Even with BIOS help you have to know this. And with only the basic BIOS
you have to know the full ROM initialisation ordering, which is -very-
non trivial for complex systems.
> in the kernel, the way the user wants. That's why I say the
> responsibility for figuring out the boot drive should be pushed to
> initrd/initramfs.
Finding the rootfs by label is a minor problem, figuring out how to name
the controllers consistently between 2.2/2.4/2.6 is a showstopper in the
real world even if its not in happy hackerdom.
Alan Cox wrote:
> On Sat, 2002-07-13 at 16:37, Jeff Garzik wrote:
>
>>My point is that depending on any method of internal kernel ordering is
>>fragile.
>
> Its actually -extremely- reliable. Simply because we've kept the
> behaviour constant over time.
For the user, agreed. For the kernel hacker, it's a fragile balance
trying to keep the user presentation constant. And we haven't always
been successful.
>>I would rather have the kernel export which drives are listed in CMOS /
>>BIOS ROM, and let userspace say "my boot drive is the nth BIOS-listed
>>drive." For example, looking through the aic7xxx (or was it
>
>
> There is a BIOS extension for this (EDID 3.0 I believe). It only
> addresses where the boot device went, not how to sort the IDE device
> ordering and the like
>
>
>>Depending on pci_find_* ordering is very situation-dependent, and only
>>covers N cases. Then you have another N cases covered by the order in
>>which you modprobe key drivers. Then you have another N cases covered
>
>
> Forget about modprobe. The areas this bites people are areas where the
> ordering is compiled in stuff (eg IDE) and where you have multiple of
> the same controller.
sorry for the confusion, I really equate modprobe and link order -- they
both define overall order of initialization.
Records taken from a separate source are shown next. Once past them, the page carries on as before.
lemma mean_width_le_radius:
  assumes "K \<noteq> {}" "\<And>x. x \<in> K \<Longrightarrow> norm_n n x \<le> r"
  shows "mean_width n K \<le> r"
proof -
  let ?M = "sphere_measure n"
  have r: "r \<ge> 0" using assms norm_n_nonneg[of n] by (meson ex_in_conv order_trans)
  have support: "support_n n K u \<le> r" if "norm_n n u \<le> 1" for u
    unfolding support_n_def
  proof (rule cSUP_least[OF assms(1)])
    fix x assume "x \<in> K"
    have "inner_n n x u \<le> norm_n n x * norm_n n u" by (rule inner_n_le_norm_n)
    also have "\<dots> \<le> r * 1"
      using assms(2)[OF \<open>x \<in> K\<close>] that r norm_n_nonneg[of n] by (intro mult_mono) auto
    finally show "inner_n n x u \<le> r" by simp
  qed
  have "finite_measure ?M"
    using emeasure_sphere_measure_le_1[of n] by (intro finite_measureI) (auto simp: top_unique)
  then have "mean_width n K \<le> integral\<^sup>L ?M (\<lambda>_. r)"
    unfolding mean_width_def using AE_sphere_measure_norm_le_1[of n] support r
    by (intro integral_mono_AE') (auto simp: finite_measure.integrable_const elim!: eventually_mono)
  also have "\<dots> = measure ?M (space ?M) * r" by simp
  also have "\<dots> \<le> 1 * r"
    using emeasure_sphere_measure_le_1[of n] r unfolding measure_def
    by (intro mult_right_mono) (simp_all add: enn2real_leI)
  finally show ?thesis by simp
qed

lemma exists_norm_ge_half_mean_width:
  assumes "K \<noteq> {}" "mean_width n K > 0"
  obtains x where "x \<in> K" "norm_n n x \<ge> mean_width n K / 2"
proof (rule ccontr)
  assume "\<not> thesis"
  with that have "\<And>x. x \<in> K \<Longrightarrow> norm_n n x \<le> mean_width n K / 2" by force
  then have "mean_width n K \<le> mean_width n K / 2" by (rule mean_width_le_radius[OF assms(1)])
  with assms(2) show False by simp
qed

section \<open>Khintchine's inequality\<close>

text \<open>A sign vector \<epsilon> \<in> {-1, 1}^k is encoded by the set A of the coordinates where
  \<epsilon> = -1; then signed_sum k \<theta> A is \<Sum>_(i<k) \<epsilon>_i \<theta>_i.\<close>

definition flip_signs :: "nat set \<Rightarrow> (nat \<Rightarrow> real) \<Rightarrow> nat \<Rightarrow> real" where
  "flip_signs A v = (\<lambda>i. if i \<in> A then - v i else v i)"

definition signed_sum :: "nat \<Rightarrow> (nat \<Rightarrow> real) \<Rightarrow> nat set \<Rightarrow> real" where
  "signed_sum k \<theta> A = (\<Sum>i<k. flip_signs A \<theta> i)"

lemma sum_Pow_lessThan_Suc:
  "sum g (Pow {..<Suc k}) = (\<Sum>B\<in>Pow {..<k}. g B + g (insert k B))"
proof -
  have "sum g (Pow {..<Suc k}) = sum g (Pow {..<k}) + sum g (insert k ` Pow {..<k})"
    unfolding lessThan_Suc Pow_insert by (rule sum.union_disjoint) auto
  also have "sum g (insert k ` Pow {..<k}) = (\<Sum>B\<in>Pow {..<k}. g (insert k B))"
    by (rule sum.reindex_cong[of "insert k"]) (auto intro!: inj_onI)
  finally show ?thesis by (simp add: sum.distrib)
qed

lemma signed_sum_Suc:
  assumes "B \<subseteq> {..<k}"
  shows "signed_sum (Suc k) \<theta> B = signed_sum k \<theta> B + \<theta> k"
    and "signed_sum (Suc k) \<theta> (insert k B) = signed_sum k \<theta> B - \<theta> k"
  using assms unfolding signed_sum_def flip_signs_def by (auto intro!: sum.cong)

lemma sum_signed_sum: "(\<Sum>A\<in>Pow {..<k}. signed_sum k \<theta> A) = 0"
proof (induction k)
  case (Suc k)
  then show ?case
    by (simp add: sum_Pow_lessThan_Suc signed_sum_Suc flip: sum_distrib_left)
qed (simp add: signed_sum_def)

lemma sum_signed_sum_power2:
  "(\<Sum>A\<in>Pow {..<k}. (signed_sum k \<theta> A)\<^sup>2) = 2^k * (\<Sum>i<k. (\<theta> i)\<^sup>2)"
proof (induction k)
  case (Suc k)
  have "(\<Sum>A\<in>Pow {..<Suc k}. (signed_sum (Suc k) \<theta> A)\<^sup>2)
      = (\<Sum>B\<in>Pow {..<k}. 2 * (signed_sum k \<theta> B)\<^sup>2 + 2 * (\<theta> k)\<^sup>2)"
    by (simp add: sum_Pow_lessThan_Suc signed_sum_Suc power2_eq_square algebra_simps)
  with Suc.IH show ?case
    by (simp add: sum.distrib card_Pow flip: sum_distrib_left) (simp add: algebra_simps)
qed (simp add: signed_sum_def)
> A good example here is that many systems order devices internally based
> on mainboard versus external. Dell do this a lot. That ordering happens
> not to be the pci scan order some times.
>
> Even with BIOS help you have to know this. And with only the basic BIOS
> you have to know the full ROM initialisation ordering, which is -very-
> non trivial for complex systems.
[...]
> Finding the rootfs by label is a minor problem, figuring out how to name
> the controllers consistently between 2.2/2.4/2.6 is a showstopper in the
> real world even if its not in happy hackerdom.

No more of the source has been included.